The chains that shackled the prisoners are by far the most sinister creation in this dialogue. It can be applied to mean a plethora of things. The world today is riddled with problems of political, economic, and socio-cultural dimensions. Consider for instance, slave trade, human trafficking, prostitution rackets and money laundering rings, all exists and propagate their agenda by enslaving or shackling certain persons, to be used as in whatever way that benefits their captors.
In an International sense of interpretation, terrorism, aid dependence and territorial acquisitions are also shackles that states use on one another. The history of colonization cannot be separated from this phenomenon.

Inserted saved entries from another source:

definition Amult :: "nat \<Rightarrow> (nat \<Rightarrow> nat \<Rightarrow> 'a::ring_1 set) \<Rightarrow> 'a elt \<Rightarrow> 'a elt \<Rightarrow> 'a elt" where
  "Amult d I X Y = (\<lambda>i l. if i \<in> {1..d} \<and> l \<in> {1..d} then
      {(\<Sum>j\<in>{1..d}. f j * g j) + t | f g t.
          (\<forall>j\<in>{1..d}. f j \<in> X i j \<and> g j \<in> Y j l) \<and> t \<in> I i (Suc d)}
    else {0})"

text \<open>Single-entry element: coset a + I_{i,d+1} in position (i,j), zero elsewhere
  (this is the zero element if (i,j) is out of range).\<close>
definition Aentry :: "nat \<Rightarrow> (nat \<Rightarrow> nat \<Rightarrow> 'a::ring_1 set) \<Rightarrow> nat \<Rightarrow> nat \<Rightarrow> 'a \<Rightarrow> 'a elt" where
  "Aentry d I i j a = (\<lambda>i' j'. if i' \<in> {1..d} \<and> j' \<in> {1..d} then
      (if i' = i \<and> j' = j then coset a (I i' (Suc d)) else I i' (Suc d)) else {0})"

text \<open>Idempotent e_k = 1 + I_{k,d+1} in position (k,k); for k = d+1 this is 0,
  giving the convention A e_{d+1} = 0.\<close>
definition Aidem :: "nat \<Rightarrow> (nat \<Rightarrow> nat \<Rightarrow> 'a::ring_1 set) \<Rightarrow> nat \<Rightarrow> 'a elt" where
  "Aidem d I k = Aentry d I k k 1"

definition Asum_list :: "nat \<Rightarrow> (nat \<Rightarrow> nat \<Rightarrow> 'a::ring_1 set) \<Rightarrow> 'a elt list \<Rightarrow> 'a elt" where
  "Asum_list d I xs = foldr Aadd xs (Azero d I)"

definition Af :: "nat \<Rightarrow> (nat \<Rightarrow> nat \<Rightarrow> 'a::ring_1 set) \<Rightarrow> nat \<Rightarrow> 'a elt" where
  "Af d I j = Asum_list d I (map (Aidem d I) [Suc j..<Suc d])"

A cursory reading of the dialogue, minus deep philosophical sieving of context, hinders the understanding of Plato’s intention. It instead leads to loose process of knowledge deduction. It may be asked for example, whether the primary priority of a chained prisoner is a quest for philosophical enlightenment or physical and by all means tangible freedom. In a real world application, the sense of action by any escaped captive, is to seek help to release his colleagues, attempt personally to release his colleagues but never to plunge one’s self back in the same abyss, in an attempt to quench a disordered belief in the sharing of knowledge.
In conclusion, the Allegory of the Cave is a dialogue of emancipation. It is a call to arms, where the arms refer to knowledge. Socrates weaves a tale of helplessness, self-help, enlightenment, and then the enlightening of others. The possible connotation to each and every factor that was in the dialogue is literally limitless. The shadow could be bad because it deludes the prisoners or it could be good because it sets a plane for the sun to shine and herald knowledge.
In the same vain, the prisoners can be castigated not for rejecting the knowledge from the returnee, but for choosing to remain chained in the dungeon of the cave. Such possibilities of varying explanation are limitless. The moral of this experience is single and universal, that there is an effect of education and knowledge or even enlightenment on the nature of people, the behavior, actions and ways of interpreting events.
Works Cited
Cohen, Marc. The Allegory of the Cave. 11 July 2013. 1 March 2014 <http://faculty.washington.edu/smcohen/320/cave.htm>.
Jacobus, Lee A. A Wordl of Ideas: Essential Readings for College Writers. Bedford: St. Martin's, 2009.
Kernan, Alvin B. In Plato's Cave. New Haven: Yale University Press, 2000.
Plato. The Republic. Trans. Desmond Lee. 2nd. New York: Penguin Book, 1987.